ひとりの名は「アンクティAnkhti」、もう一人は「サビィSaby」です。エジプト考古大臣のMamdouh Eldamatyは、
どちらの墓も、「死者へ供物がささげられる様子」など、宗教的な儀式の描写が、壁に素晴らしく描かれている、と説明しました。
その色合いは、4200年も前のものとは思えないほどで、まるで昨日描かれたかのように鮮やかである、といいます。
「これらの壁画は、当時の宗教儀式についてを明らかにする史料となるばかりでなく、当時の芸術家たちの技術力(の高さ)をも知らせてくれるのです」この調査隊を率いる仏エジプト学者Vassil Dobrevは、
埋葬シャフトは墓のかなり深い層で発見された、と説明します。
サビィのものは6m、アンクティは12mもの深さでした。
また彼は続けて、
どちらの墓も2つの層の上に立てられていた、と話しました。
上部は地表に日干し煉瓦で作られ、下部は石灰岩を切り開いて作られています。
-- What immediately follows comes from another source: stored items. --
(* Let $r, s, m, n$ be positive integers, and let $f: V(H_{n,m}) \rightarrow \{-r,s\}$ be a function. If there are directed $m$-paths $P$ and $Q$ in $H_{n,m}$ such that $f(V(P)) < f(V(Q))$, then for any $p \in L(r,s,m)$ with $f(V(P)) \le p \le f(V(Q))$ there is a directed $m$-path $P^*$ in $H_{n,m}$ such that $f(V(P^* )) = p$.
   Context: For a set $Y$ of vertices, $f(Y)=\sum_{y\in Y}f(y)$. $H_{n,m}$ is the directed graph whose vertex set is the disjoint union of $V_1,\dots,V_m$ with $|V_i|=n$, and whose arc set is $\bigcup_{i=1}^{m-1}\{(v,w): v\in V_i, w\in V_{i+1}\}$. A directed $m$-path is a directed path with $m$ vertices. $L(r,s,m)=\{-rx+sy : x,y\in\mathbb{Z}, x,y\ge 0, x+y=m\}$. *)

theory Defs
  imports Main
begin

text \<open>Vertices of H_{n,m}: pairs (i, j) with layer i in {1..m} and index j in {1..n};
  V_i = {i} x {1..n}.\<close>
definition H_verts :: "nat \<Rightarrow> nat \<Rightarrow> (nat \<times> nat) set" where
  "H_verts n m = {1..m} \<times> {1..n}"

definition H_arc :: "nat \<Rightarrow> nat \<Rightarrow> nat \<times> nat \<Rightarrow> nat \<times> nat \<Rightarrow> bool" where
  "H_arc n m v w \<longleftrightarrow> v \<in> H_verts n m \<and> w \<in> H_verts n m \<and> fst w = fst v + 1"

definition H_dipath :: "nat \<Rightarrow> nat \<Rightarrow> (nat \<times> nat) list \<Rightarrow> bool" where
  "H_dipath n m P \<longleftrightarrow> P \<noteq> [] \<and> distinct P \<and> set P \<subseteq> H_verts n m \<and>
     (\<forall>i. i + 1 < length P \<longrightarrow> H_arc n m (P ! i) (P ! (i + 1)))"

definition H_dipath_k :: "nat \<Rightarrow> nat \<Rightarrow> nat \<Rightarrow> (nat \<times> nat) list \<Rightarrow> bool" where
  "H_dipath_k n m k P \<longleftrightarrow> H_dipath n m P \<and> length P = k"

definition L_set :: "int \<Rightarrow> int \<Rightarrow> nat \<Rightarrow> int set" where
  "L_set r s m = {- r * int x + s * int y | x y. x + y = m}"

end

theory Submission
  imports Defs
begin

text \<open>A directed m-path in H_{n,m} has exactly one vertex in each layer, visited in order, so it is
  the graph of an arbitrary choice function c from layers to {1..n}; conversely every such choice
  is a path. Switching the choice of P to that of Q one layer at a time moves the weight by at most
  r + s per step, and every weight is congruent to -r m, hence to each p \<in> L(r,s,m), modulo r + s.
  An upward step of at most r + s inside one residue class mod r + s cannot jump over p.\<close>

definition layer_path :: "nat \<Rightarrow> (nat \<Rightarrow> nat) \<Rightarrow> (nat \<times> nat) list" where
  "layer_path m c = map (\<lambda>i. (Suc i, c i)) [0..<m]"

lemma H_dipath_k_nth:
  assumes "H_dipath_k n m m P" "i < m"
  shows "fst (P ! i) = Suc i \<and> snd (P ! i) \<in> {1..n}"
proof -
  have len: "length P = m" and sub: "set P \<subseteq> H_verts n m"
    and arcs: "\<And>j. j + 1 < m \<Longrightarrow> H_arc n m (P ! j) (P ! (j + 1))"
    using assms(1) unfolding H_dipath_k_def H_dipath_def by auto
  have vert: "fst (P ! j) \<in> {1..m} \<and> snd (P ! j) \<in> {1..n}" if "j < m" for j
  proof -
    have "P ! j \<in> {1..m} \<times> {1..n}" using sub nth_mem[of j P] that len unfolding H_verts_def by auto
    then show ?thesis by (simp add: mem_Times_iff)
  qed
  have shift: "fst (P ! j) = fst (P ! 0) + j" if "j < m" for j
    using that by (induction j) (use arcs in \<open>auto simp: H_arc_def\<close>)
  have "fst (P ! 0) = 1"
    using shift[of "m - 1"] vert[of "m - 1"] vert[of 0] assms(2) by auto
  then show ?thesis using shift[OF assms(2)] vert[OF assms(2)] by simp
qed

lemma H_dipath_k_eq_layer_path:
  assumes "H_dipath_k n m m P"
  shows "P = layer_path m (\<lambda>i. snd (P ! i))"
proof (rule nth_equalityI)
  show "length P = length (layer_path m (\<lambda>i. snd (P ! i)))"
    using assms by (simp add: H_dipath_k_def layer_path_def)
next
  fix i assume "i < length P"
  then have "i < m" using assms by (simp add: H_dipath_k_def)
  with H_dipath_k_nth[OF assms this] show "P ! i = layer_path m (\<lambda>i. snd (P ! i)) ! i"
    by (simp add: layer_path_def prod_eq_iff)
qed

lemma H_dipath_k_layer_path:
  assumes "m > 0" "\<forall>i<m. c i \<in> {1..n}"
  shows "H_dipath_k n m m (layer_path m c)"
  using assms unfolding H_dipath_k_def H_dipath_def H_arc_def layer_path_def H_verts_def
  by (auto simp: distinct_map inj_on_def)

lemma sum_set_layer_path:
  "sum f (set (layer_path m c)) = (\<Sum>i<m. f (Suc i, c i))"
proof -
  have "set (layer_path m c) = (\<lambda>i. (Suc i, c i)) ` {..<m}"
    unfolding layer_path_def by auto
  moreover have "inj_on (\<lambda>i. (Suc i, c i)) {..<m}" by (auto simp: inj_on_def)
  ultimately show ?thesis by (simp add: sum.reindex)
qed

lemma two_valued_sum_dvd:
  fixes r s :: int
  assumes "finite A" "\<forall>i\<in>A. g i \<in> {-r, s}"
  shows "(r + s) dvd sum g A + r * int (card A)"
  using assms
proof (induction A rule: finite_induct)
  case (insert a A)
  then have "sum g (insert a A) + r * int (card (insert a A))
      = (sum g A + r * int (card A)) + (g a + r)" by (simp add: algebra_simps)
  moreover have "(r + s) dvd g a + r" using insert.prems by (auto simp: add.commute)
  moreover have "(r + s) dvd sum g A + r * int (card A)" using insert by simp
  ultimately show ?case by (metis dvd_add)
qed simp

lemma L_set_dvd:
  assumes "p \<in> L_set r s m"
  shows "(r + s) dvd p + r * int m"
proof -
  obtain x y where "x + y = m" "p = - r * int x + s * int y"
    using assms unfolding L_set_def by auto
  then have "p + r * int m = (r + s) * int y" by (auto simp: algebra_simps)
  then show ?thesis by simp
qed

lemma int_walk_hits_residue:
  fixes g :: "nat \<Rightarrow> int" and d p :: int
  assumes "g 0 \<le> p" "p \<le> g m" "d > 0"
    and "\<forall>k<m. g (Suc k) \<le> g k + d"
    and "\<forall>k\<le>m. d dvd p - g k"
  shows "\<exists>k\<le>m. g k = p"
  using assms(2,4,5)
proof (induction m)
  case (Suc m)
  show ?case
  proof (cases "p \<le> g m")
    case True
    with Suc show ?thesis by (metis le_SucI less_SucI le_Suc_eq)
  next
    case False
    have "d dvd p - g m" using Suc.prems(3) by simp
    then have "d \<le> p - g m" using False dvd_imp_le_int[of "p - g m" d] \<open>d > 0\<close> by simp
    then have "g (Suc m) = p" using Suc.prems(1,2) by force
    then show ?thesis by blast
  qed
qed (use assms(1) in auto)

lemma sum_switch_step:
  fixes h :: "nat \<Rightarrow> nat \<Rightarrow> int"
  assumes "k < m" "h k (b k) \<le> h k (a k) + d"
  shows "(\<Sum>i<m. h i (if i < Suc k then b i else a i))
           \<le> (\<Sum>i<m. h i (if i < k then b i else a i)) + d"
proof -
  have split: "(\<Sum>i<m. h i (if i < j then b i else a i))
      = (\<Sum>i\<in>{..<m} - {k}. h i (if i < j then b i else a i)) + h k (if k < j then b k else a k)"
    for j using assms(1) by (simp add: sum.remove[of "{..<m}" k] add.commute)
  have "(\<Sum>i\<in>{..<m} - {k}. h i (if i < Suc k then b i else a i))
      = (\<Sum>i\<in>{..<m} - {k}. h i (if i < k then b i else a i))"
    by (rule sum.cong) auto
  then show ?thesis using split[of k] split[of "Suc k"] assms(2) by simp
qed

theorem lemma4p2:
  fixes r s :: int and m n :: nat and f :: "nat \<times> nat \<Rightarrow> int"
    and P Q :: "(nat \<times> nat) list" and p :: int
  assumes "r > 0" "s > 0" "m > 0" "n > 0"
    and "\<forall>v \<in> H_verts n m. f v \<in> {-r, s}"
    and "H_dipath_k n m m P" "H_dipath_k n m m Q"
    and "sum f (set P) < sum f (set Q)"
    and "p \<in> L_set r s m"
    and "sum f (set P) \<le> p" "p \<le> sum f (set Q)"
  shows "\<exists>P'. H_dipath_k n m m P' \<and> sum f (set P') = p"
proof -
  define a where "a i = snd (P ! i)" for i
  define b where "b i = snd (Q ! i)" for i
  define c where "c k i = (if i < k then b i else a i)" for k i
  define g where "g k = sum f (set (layer_path m (c k)))" for k
  have c_range: "\<forall>i<m. c k i \<in> {1..n}" for k
    using H_dipath_k_nth[OF assms(6)] H_dipath_k_nth[OF assms(7)] by (simp add: a_def b_def c_def)
  have f_range: "\<forall>i\<in>{..<m}. f (Suc i, c k i) \<in> {-r, s}" for k
    using assms(5) c_range[of k] by (simp add: H_verts_def)
  have "c 0 = a" "\<forall>i<m. c m i = b i" by (auto simp: c_def)
  then have "g 0 = sum f (set P)" "g m = sum f (set Q)"
    using H_dipath_k_eq_layer_path[OF assms(6)] H_dipath_k_eq_layer_path[OF assms(7)]
    by (simp_all add: g_def sum_set_layer_path flip: a_def b_def)
  moreover have "f (Suc k, b k) \<le> f (Suc k, a k) + (r + s)" if "k < m" for k
  proof -
    have "f (Suc k, a k) \<in> {-r, s}" "f (Suc k, b k) \<in> {-r, s}"
      using f_range[of 0] f_range[of m] that by (auto simp: c_def)
    then show ?thesis using assms(1,2) by auto
  qed
  then have "\<forall>k<m. g (Suc k) \<le> g k + (r + s)"
    by (auto simp: g_def c_def sum_set_layer_path intro!: sum_switch_step)
  moreover have "(r + s) dvd p - g k" for k
  proof -
    have "(r + s) dvd g k + r * int m"
      using two_valued_sum_dvd[OF _ f_range[of k]] by (simp add: g_def sum_set_layer_path)
    from dvd_diff[OF L_set_dvd[OF assms(9)] this] show ?thesis by simp
  qed
  ultimately obtain k where "g k = p"
    using int_walk_hits_residue[of g p m "r + s"] assms(1,2,10,11) by auto
  then show ?thesis
    using H_dipath_k_layer_path[OF assms(3) c_range] by (auto simp: g_def)
qed

end
(* There is an injective algebra homomorphism $$\Theta:\ \mathsf{H}\longrightarrow \mathbb{C}[y_1^{\pm1},\ldots,y_n^{\pm1}]\#_\alpha G$$ such that, for all $i\in\{1,\ldots,n\}$, $$\Theta(x_i)=y_i-\left(\frac{\zeta t_i}{\zeta-1}\right)y_{i+1}^{-1}g_i,\qquad \Theta(g_i)=g_i$$ (indices modulo $n$, so $y_{n+1}=y_1$).
   Context: Fix integers $n\ge 3$ and $\ell\ge 2$, and let $\zeta$ be a primitive $\ell$-th root of unity. All subscripts are taken modulo $n$ (e.g. $x_{n+1}=x_1$). Let $V=\mathbb{C}^n$ with standard basis $x_1,\ldots,x_n$, and let $G$ be the group of all diagonal matrices $g\in SL_n(\mathbb{C})$ with $g^\ell=1$; $G$ acts on $V$ and hence on the tensor algebra $TV$. For $i=1,\ldots,n$ let $g_i\in G$ be given by $g_i(x_i)=\zeta x_i$, $g_i(x_{i+1})=\zeta^{-1}x_{i+1}$, $g_i(x_j)=x_j$ otherwise; then $g_1,\ldots,g_{n-1}$ freely generate $G\cong(\mathbb{Z}/\ell\mathbb{Z})^{n-1}$ and $g_n=g_1^{-1}\cdots g_{n-1}^{-1}$. Define the 2-cocycle $\alpha$ by $\alpha(g_1^{i_1}\cdots g_{n-1}^{i_{n-1}},g_1^{j_1}\cdots g_{n-1}^{j_{n-1}})=\zeta^{-i_1j_2-i_2j_3-\cdots-i_{n-2}j_{n-1}}$. For an algebra $E$ with $G$-action, $E\#_\alpha G$ is $E\otimes\mathbb{C}G$ with product $(r\otimes g)(s\otimes h)=\alpha(g,h)\,r\,(g\cdot s)\otimes gh$; the product of $g,h\in G$ in it is written $g*h=\alpha(g,h)gh$. Let $t=(t_1,\ldots,t_n)\in\mathbb{C}^n$. $\mathsf{H}$ is the quotient of $TV\#_\alpha G$ by the relations $x_ix_{i+1}-x_{i+1}x_i=t_ig_i$ for all $i$, and $x_ix_j-x_jx_i=0$ for all $i,j\in\{1,\ldots,n\}$ with $|i-j|\notin\{1,n-1\}$. The group $G$ acts on the Laurent polynomial algebra $\mathbb{C}[y_1^{\pm1},\ldots,y_n^{\pm1}]$ by $g_i\cdot y_1^{p_1}\cdots y_n^{p_n}=\zeta^{p_i-p_{i+1}}y_1^{p_1}\cdots y_n^{p_n}$ for $i=1,\ldots,n-1$ and $p\in\mathbb{Z}^n$. *)

theory Defs
  imports Complex_Main
begin

text \<open>Indices run over 1..n; succ_idx n n = 1 (subscripts modulo n).\<close>
definition succ_idx :: "nat \<Rightarrow> nat \<Rightarrow> nat" where
  "succ_idx n i = (if i = n then 1 else i + 1)"

text \<open>A diagonal matrix is represented by its diagonal entries c 1, ..., c n
  (extended by 1 outside 1..n).  G = diagonal matrices in SL_n with g^l = 1.\<close>
definition Gset :: "nat \<Rightarrow> nat \<Rightarrow> (nat \<Rightarrow> complex) set" where
  "Gset n l = {c. (\<forall>i\<in>{1..n}. c i ^ l = 1) \<and> (\<forall>i. i \<notin> {1..n} \<longrightarrow> c i = 1)
                 \<and> (\<Prod>i\<in>{1..n}. c i) = 1}"

definition gmul :: "(nat \<Rightarrow> complex) \<Rightarrow> (nat \<Rightarrow> complex) \<Rightarrow> nat \<Rightarrow> complex" where
  "gmul g h = (\<lambda>i. g i * h i)"

definition gone :: "nat \<Rightarrow> complex" where
  "gone = (\<lambda>i. 1)"

text \<open>The generator g_k: g_k(x_k) = zeta x_k, g_k(x_(k+1)) = zeta^-1 x_(k+1), identity otherwise.\<close>
definition gen :: "nat \<Rightarrow> complex \<Rightarrow> nat \<Rightarrow> nat \<Rightarrow> complex" where
  "gen n \<zeta> k = (\<lambda>j. if j \<in> {1..n} then
                       (if j = k then \<zeta> else if j = succ_idx n k then inverse \<zeta> else 1)
                     else 1)"

definition gword :: "nat \<Rightarrow> complex \<Rightarrow> (nat \<Rightarrow> nat) \<Rightarrow> nat \<Rightarrow> complex" where
  "gword n \<zeta> e = (\<lambda>j. \<Prod>k\<in>{1..n-1}. (gen n \<zeta> k j) ^ e k)"

definition coords :: "nat \<Rightarrow> nat \<Rightarrow> complex \<Rightarrow> (nat \<Rightarrow> complex) \<Rightarrow> nat \<Rightarrow> nat" where
  "coords n l \<zeta> g = (THE e. (\<forall>k. e k < l) \<and> (\<forall>k. k \<notin> {1..n-1} \<longrightarrow> e k = 0)
                           \<and> gword n \<zeta> e = g)"

definition alpha :: "nat \<Rightarrow> nat \<Rightarrow> complex \<Rightarrow> (nat \<Rightarrow> complex) \<Rightarrow> (nat \<Rightarrow> complex) \<Rightarrow> complex" where
  "alpha n l \<zeta> g h = \<zeta> powi (- (\<Sum>k\<in>{1..n-2}. int (coords n l \<zeta> g k) * int (coords n l \<zeta> h (k+1))))"

text \<open>Action of g on the word x_(w1) ... x_(wm) of TV (scalar factor).\<close>
definition xact :: "(nat \<Rightarrow> complex) \<Rightarrow> nat list \<Rightarrow> complex" where
  "xact g w = prod_list (map g w)"

text \<open>Action of g = prod g_k^(i_k) on the Laurent monomial y^p (scalar factor):
  each g_k multiplies y^p by zeta^(p_k - p_(k+1)).\<close>
definition yact :: "nat \<Rightarrow> nat \<Rightarrow> complex \<Rightarrow> (nat \<Rightarrow> complex) \<Rightarrow> (nat \<Rightarrow> int) \<Rightarrow> complex" where
  "yact n l \<zeta> g p = \<zeta> powi (\<Sum>k\<in>{1..n-1}. int (coords n l \<zeta> g k) * (p k - p (k+1)))"

definition tw_mult :: "('b \<Rightarrow> 'b \<Rightarrow> 'b) \<Rightarrow> ('b \<Rightarrow> 'b \<Rightarrow> complex)
                       \<Rightarrow> ('b \<Rightarrow> complex) \<Rightarrow> ('b \<Rightarrow> complex) \<Rightarrow> 'b \<Rightarrow> complex" where
  "tw_mult comb coef F H = (\<lambda>c. \<Sum>(a,b)\<in>{(a,b). F a \<noteq> 0 \<and> H b \<noteq> 0 \<and> comb a b = c}.
                                     F a * H b * coef a b)"

definition basis_el :: "'b \<Rightarrow> 'b \<Rightarrow> complex" where
  "basis_el b = (\<lambda>c. if c = b then 1 else 0)"

definition fin_supp_on :: "'b set \<Rightarrow> ('b \<Rightarrow> complex) set" where
  "fin_supp_on B = {F. finite {b. F b \<noteq> 0} \<and> {b. F b \<noteq> 0} \<subseteq> B}"

subsection \<open>The algebra TV #_alpha G (basis: word in x_1..x_n tensor group element)\<close>

definition Sbasis :: "nat \<Rightarrow> nat \<Rightarrow> (nat list \<times> (nat \<Rightarrow> complex)) set" where
  "Sbasis n l = {(w, g). set w \<subseteq> {1..n} \<and> g \<in> Gset n l}"

definition Salg :: "nat \<Rightarrow> nat \<Rightarrow> (nat list \<times> (nat \<Rightarrow> complex) \<Rightarrow> complex) set" where
  "Salg n l = fin_supp_on (Sbasis n l)"
lemma subrack_is_rack:
  assumes R: "is_rack R" and S: "subrack R S"
  shows "is_rack (S, snd R)"
proof (rule is_rackI)
  have sub: "S \<subseteq> fst R" and im: "\<And>s. s \<in> S \<Longrightarrow> snd R s ` S = S"
    using S unfolding subrack_def by auto
  show "bij_betw (snd R a) S S" if a: "a \<in> S" for a
  proof -
    have "a \<in> fst R" using a sub by blast
    then have "inj_on (snd R a) S" using inj_on_subset[OF rack_inj[OF R] sub] by blast
    then show ?thesis using im[OF a] unfolding bij_betw_def by simp
  qed
  show "snd R a b \<in> S" if "a \<in> S" "b \<in> S" for a b
    using im that by blast
  show "snd R a (snd R b c) = snd R (snd R a b) (snd R a c)" if "a \<in> S" "b \<in> S" "c \<in> S" for a b c
    using rack_self_distrib[OF R] sub that by blast
qed

lemma Inn_closed: "g \<in> Inn R \<Longrightarrow> is_rack R \<Longrightarrow> z \<in> fst R \<Longrightarrow> g z \<in> fst R"
  by (induction g arbitrary: z rule: Inn.induct) (auto simp: rack_closed rack_inv_closed)

definition orbit :: "rack \<Rightarrow> nat \<Rightarrow> nat set" where
  "orbit R x = (\<lambda>g. g x) ` Inn R"

lemma orbit_subset: "is_rack R \<Longrightarrow> x \<in> fst R \<Longrightarrow> orbit R x \<subseteq> fst R"
  unfolding orbit_def using Inn_closed by blast
(* Let $(X,d)$ be a metric space, $\mu$ a non-atomic Borel measure on $X$, $m$ a Borel measure on $X$, $0<p<\infty$, and $E\subset X$ a Borel set with $m(E)=0$. Then $\mathrm{Mod}_p(\Gamma_E^+)=0$, where $\Gamma_E^+=\{\gamma\in\Gamma^\mu:\mu(\mathrm{Im}(\gamma)\cap E)>0\}$.
   Context: A path is a continuous map $\gamma:[a,b]\to X$; a subpath is a restriction to a subinterval, trivial if that interval is a point; $\mathrm{Im}(\gamma)=\gamma([a,b])$. $\mu$ non-atomic: $\mu(\{x\})=0$ for all $x$. $\Gamma^\mu$ is the set of all non-trivial injective paths $\gamma$ with $0<\mu(\mathrm{Im}(\tilde\gamma))<\infty$ for every non-trivial subpath $\tilde\gamma$. For Borel $g\ge0$, $\int_\gamma g:=\int_{\mathrm{Im}(\gamma)}g\,d\mu$. For $\Gamma\subset\Gamma^\mu$, $\mathrm{Mod}_p(\Gamma)=\inf\int_Xg^p\,dm$ over Borel $g:X\to[0,\infty]$ with $\int_\gamma g\ge1$ for all $\gamma\in\Gamma$. *)

theory Defs
  imports "HOL-Analysis.Analysis"
begin

text \<open>A path is represented by a triple (a, b, gamma) standing for the
  restriction of gamma to the parameter interval [a,b] (with a \<le> b).\<close>

type_synonym 'a path_t = "real \<times> real \<times> (real \<Rightarrow> 'a)"

definition is_path :: "'a::topological_space path_t \<Rightarrow> bool" where
  "is_path P \<longleftrightarrow> (case P of (a, b, g) \<Rightarrow> a \<le> b \<and> continuous_on {a..b} g)"

definition path_im :: "'a path_t \<Rightarrow> 'a set" where
  "path_im P = (case P of (a, b, g) \<Rightarrow> g ` {a..b})"

definition non_atomic :: "'a measure \<Rightarrow> bool" where
  "non_atomic M \<longleftrightarrow> (\<forall>x. emeasure M {x} = 0)"

definition Gamma_mu :: "'a::topological_space measure \<Rightarrow> 'a path_t set" where
  "Gamma_mu M = {(a, b, g) | a b g. is_path (a, b, g) \<and> a < b \<and> inj_on g {a..b} \<and>
      (\<forall>c d. a \<le> c \<and> c < d \<and> d \<le> b \<longrightarrow>
         0 < emeasure M (g ` {c..d}) \<and> emeasure M (g ` {c..d}) < \<infinity>)}"

definition line_int :: "'a measure \<Rightarrow> 'a path_t \<Rightarrow> ('a \<Rightarrow> ennreal) \<Rightarrow> ennreal" where
  "line_int M P g = set_nn_integral M (path_im P) g"

definition enn_powr :: "ennreal \<Rightarrow> real \<Rightarrow> ennreal" where
  "enn_powr x p = (if x = \<infinity> then \<infinity> else ennreal (enn2real x powr p))"

definition Mod_p :: "'a::topological_space measure \<Rightarrow> 'a measure \<Rightarrow> real \<Rightarrow> 'a path_t set \<Rightarrow> ennreal" where
  "Mod_p M m p \<Gamma> = (INF g \<in> {g. g \<in> borel_measurable borel \<and> (\<forall>P\<in>\<Gamma>. line_int M P g \<ge> 1)}.
       \<integral>\<^sup>+ x. enn_powr (g x) p \<partial>m)"

end

theory Submission
  imports Defs
begin

text \<open>The function that is \<open>\<infinity>\<close> on \<open>E\<close> and \<open>0\<close> elsewhere is admissible for every
  path meeting \<open>E\<close> in positive \<open>\<mu>\<close>-measure, and its \<open>p\<close>-th power integrates to
  \<open>\<infinity> \<cdot> m(E) = 0\<close>.\<close>

lemma path_im_compact:
  assumes "is_path P"
  shows "compact (path_im P)"
  using assms compact_continuous_image[of "{fst P..fst (snd P)}" "snd (snd P)"]
  by (auto simp: is_path_def path_im_def split: prod.splits)

lemma path_im_Int_sets:
  fixes M :: "'a::t2_space measure"
  assumes "sets M = sets borel" and "is_path P" and "E \<in> sets borel"
  shows "path_im P \<inter> E \<in> sets M"
proof -
  have "closed (path_im P)"
    using assms(2) by (intro compact_imp_closed path_im_compact)
  then show ?thesis
    using assms(1,3) by auto
qed

lemma line_int_infinity_indicator:
  fixes M :: "'a::t2_space measure"
  assumes "sets M = sets borel" and "is_path P" and "E \<in> sets borel"
  shows "line_int M P (\<lambda>x. \<infinity> * indicator E x) = \<infinity> * emeasure M (path_im P \<inter> E)"
proof -
  have "line_int M P (\<lambda>x. \<infinity> * indicator E x) = (\<integral>\<^sup>+x. \<infinity> * indicator (path_im P \<inter> E) x \<partial>M)"
    unfolding line_int_def by (intro nn_integral_cong) (auto simp: indicator_def)
  also have "\<dots> = \<infinity> * emeasure M (path_im P \<inter> E)"
    using path_im_Int_sets[OF assms] by (rule nn_integral_cmult_indicator)
  finally show ?thesis .
qed

lemma Mod_p_le_admissible:
  assumes "g \<in> borel_measurable borel" and "\<And>P. P \<in> \<Gamma> \<Longrightarrow> line_int M P g \<ge> 1"
  shows "Mod_p M m p \<Gamma> \<le> (\<integral>\<^sup>+ x. enn_powr (g x) p \<partial>m)"
  unfolding Mod_p_def using assms by (intro INF_lower) auto

text \<open>No positivity of \<open>p\<close> is needed here, since \<open>0 powr p = 0\<close> for every real \<open>p\<close>.\<close>

lemma nn_integral_enn_powr_infinity_indicator:
  assumes "E \<in> sets m"
  shows "(\<integral>\<^sup>+ x. enn_powr (\<infinity> * indicator E x) p \<partial>m) = \<infinity> * emeasure m E"
proof -
  have "(\<integral>\<^sup>+ x. enn_powr (\<infinity> * indicator E x) p \<partial>m) = (\<integral>\<^sup>+ x. \<infinity> * indicator E x \<partial>m)"
    by (intro nn_integral_cong) (auto simp: enn_powr_def indicator_def)
  also have "\<dots> = \<infinity> * emeasure m E"
    using assms by (rule nn_integral_cmult_indicator)
  finally show ?thesis .
qed

theorem lemma3p4:
  fixes \<mu> m :: "'a::metric_space measure" and p :: real and E :: "'a set"
  assumes "sets \<mu> = sets borel" and "non_atomic \<mu>"
    and "sets m = sets borel"
    and "0 < p"
    and "E \<in> sets borel" and "emeasure m E = 0"
  shows "Mod_p \<mu> m p {P \<in> Gamma_mu \<mu>. emeasure \<mu> (path_im P \<inter> E) > 0} = 0"
proof -
  let ?g = "\<lambda>x. \<infinity> * indicator E x :: ennreal"
  have "?g \<in> borel_measurable borel"
    using assms(5) by measurable
  moreover have "line_int \<mu> P ?g \<ge> 1"
    if "P \<in> Gamma_mu \<mu>" and "emeasure \<mu> (path_im P \<inter> E) > 0" for P
  proof -
    have "is_path P"
      using that(1) by (auto simp: Gamma_mu_def)
    then have "line_int \<mu> P ?g = \<infinity> * emeasure \<mu> (path_im P \<inter> E)"
      by (rule line_int_infinity_indicator[OF assms(1) _ assms(5)])
    also have "\<dots> = \<infinity>"
      using that(2) by (simp add: ennreal_mult_eq_top_iff)
    finally show ?thesis
      by simp
  qed
  ultimately have "Mod_p \<mu> m p {P \<in> Gamma_mu \<mu>. emeasure \<mu> (path_im P \<inter> E) > 0}
      \<le> (\<integral>\<^sup>+ x. enn_powr (?g x) p \<partial>m)"
    by (intro Mod_p_le_admissible) auto
  also have "\<dots> = \<infinity> * emeasure m E"
    using assms(3,5) by (intro nn_integral_enn_powr_infinity_indicator) simp
  also have "\<dots> = 0"
    using assms(6) by simp
  finally show ?thesis
    by simp
qed

end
ギザ遺跡の中央管理局長(?)であるKamal Wahidは、 アラバスター製の容器や、供物、両神官の骨なども多少見つかっているが、 墓は両方とも、古代のうちに盗掘を受けている、と指摘します。 どちらの骨も地に散らばっており、棺の中に納められていませんでした。 両墓はほとんど同じで、当時の神官の墓に頻繁に描かれた、古代エジプトの供物の壁画の中でも特に有名なシーンが見られます。 それは、ヘッドレスト(頭受け・高枕)、神官が身につけた首飾りに加え、7つの儀式用のオイル壷(それぞれの名前・量が書かれている)、香を入れる器、銅製の香炉などの描写です。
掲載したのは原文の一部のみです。